The latest battleground? Brick-and-mortar stores. Alibaba has spent great sums — $US2.9 billion on a supermarket chain, $US2.6 billion on a department store and mall operator — to conquer the real world. Tencent has followed suit with its own retail partnerships and investments.
Once the companies have locked people into their payment systems, they can become the enablers of commerce and financial services of even more kinds. In a sign of investors' excitement about the possibilities, Ant Financial is making plans to go public, in a blockbuster stock offering that could give the company a market value larger than Goldman Sachs.
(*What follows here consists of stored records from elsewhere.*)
lemma energy_escape_relaxation_attained:
  assumes "finite S" and "B \<subseteq> S" and "\<And>q. q \<in> S \<Longrightarrow> 0 \<le> \<beta> q" and "sum \<beta> S \<le> 1"
  shows "\<exists>X. energy S \<beta> X \<le> energy B \<beta> x + (\<Sum>q\<in>S - B. (\<beta> q)\<^sup>2)"
proof (cases "\<forall>q\<in>S - B. \<beta> q = 0")
  case True
  then show ?thesis
    by (intro exI[of _ x]) (simp add: energy_split[OF assms(1,2)] interaction_def)
next
  case False
  then obtain q0 where q0: "q0 \<in> S" "q0 \<notin> B" "0 < \<beta> q0"
    using assms(3) by (auto simp: less_le)
  define B' where "B' = insert q0 B"
  have B': "B' \<subseteq> S" "finite B"
    using assms(1,2) q0(1) by (auto simp: B'_def intro: finite_subset)
  have "(\<Sum>p\<in>B. \<beta> p) + \<beta> q0 = sum \<beta> B'"
    using B'(2) q0(2) by (simp add: B'_def)
  also have "\<dots> \<le> sum \<beta> S"
    using B'(1) assms(1,3) by (intro sum_mono2) auto
  finally have "(\<Sum>p\<in>B. \<beta> p) < 1"
    using assms(4) q0(3) by linarith
  then obtain y where y: "(\<Sum>p\<in>B. \<beta> p * gauss_kernel \<sigma> (x p) y) < potential y"
    using exists_kernel_combination_less_potential[OF B'(2)] assms(2,3) by blast
  obtain Z :: "nat \<Rightarrow> _ \<Rightarrow> 'a" where Z: "\<forall>p\<in>S - B'. filterlim (\<lambda>n. norm (Z n p)) at_top sequentially \<and>
      (\<forall>q\<in>S - B'. p \<noteq> q \<longrightarrow> filterlim (\<lambda>n. norm (Z n p - Z n q)) at_top sequentially)"
    using exists_pairwise_norm_diff_at_top[of "S - B'"] assms(1) by blast
  define x' where "x' = x(q0 := y)"
  define Xs where "Xs n q = (if q \<in> B' then x' q else Z n q)" for n q
  define L where "L = energy B \<beta> x + (\<Sum>q\<in>S - B. (\<beta> q)\<^sup>2)"
  have "energy B' \<beta> x' + (\<Sum>q\<in>S - B'. (\<beta> q)\<^sup>2)
      = L + 2 * \<beta> q0 * ((\<Sum>p\<in>B. \<beta> p * gauss_kernel \<sigma> (x p) y) - potential y)"
  proof -
    have "energy B \<beta> x' = energy B \<beta> x" "\<And>p. p \<in> B \<Longrightarrow> x' p = x p"
      using q0(2) by (auto simp: x'_def intro: energy_cong)
    moreover have "S - B = insert q0 (S - B')" "q0 \<notin> S - B'"
      using q0 by (auto simp: B'_def)
    ultimately show ?thesis
      using energy_insert[OF B'(2) q0(2), of \<beta> x'] assms(1)
      by (simp add: B'_def[symmetric] L_def x'_def)
  qed
  moreover have "(\<lambda>n. energy S \<beta> (Xs n)) \<longlonglongrightarrow> energy B' \<beta> x' + (\<Sum>q\<in>S - B'. (\<beta> q)\<^sup>2)"
    using assms(1) B'(1) Z by (intro energy_tendsto_relaxation) (auto simp: Xs_def)
  moreover have "2 * \<beta> q0 * ((\<Sum>p\<in>B. \<beta> p * gauss_kernel \<sigma> (x p) y) - potential y) < 0"
    using q0(3) y by (simp add: mult_pos_neg)
  ultimately have "\<forall>\<^sub>F n in sequentially. energy S \<beta> (Xs n) < L"
    by (intro order_tendstoD(2)) auto
  then obtain n where "energy S \<beta> (Xs n) < L"
    by (auto simp: eventually_sequentially)
  then show ?thesis
    unfolding L_def by (intro exI[of _ "Xs n"]) simp
qed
China has become a model for tech's world-swallowing tendencies partly out of circumstance.
With the country's high-speed churn of well-funded startups, planting flags on new turf is often the only way for large players not to be constantly losing ground.
Also, both Alibaba and Tencent have struggled to make much money outside their home market. That means their surest way to keep growing is to get more deeply involved in more areas of their Chinese users' lives.
Those lives are riper for tech disruption than lives in the West. In China, small stores dominate retail. Hospitals are crowded and doctors overworked. Most people do not have credit cards. These are easier business opportunities for Alibaba and Tencent than they would be for Amazon or Facebook.
In a report this week, Morgan Stanley predicted that by 2027, the total market in China in which Alibaba could be making money will be worth $US19 trillion — more than Amazon's potential market worldwide.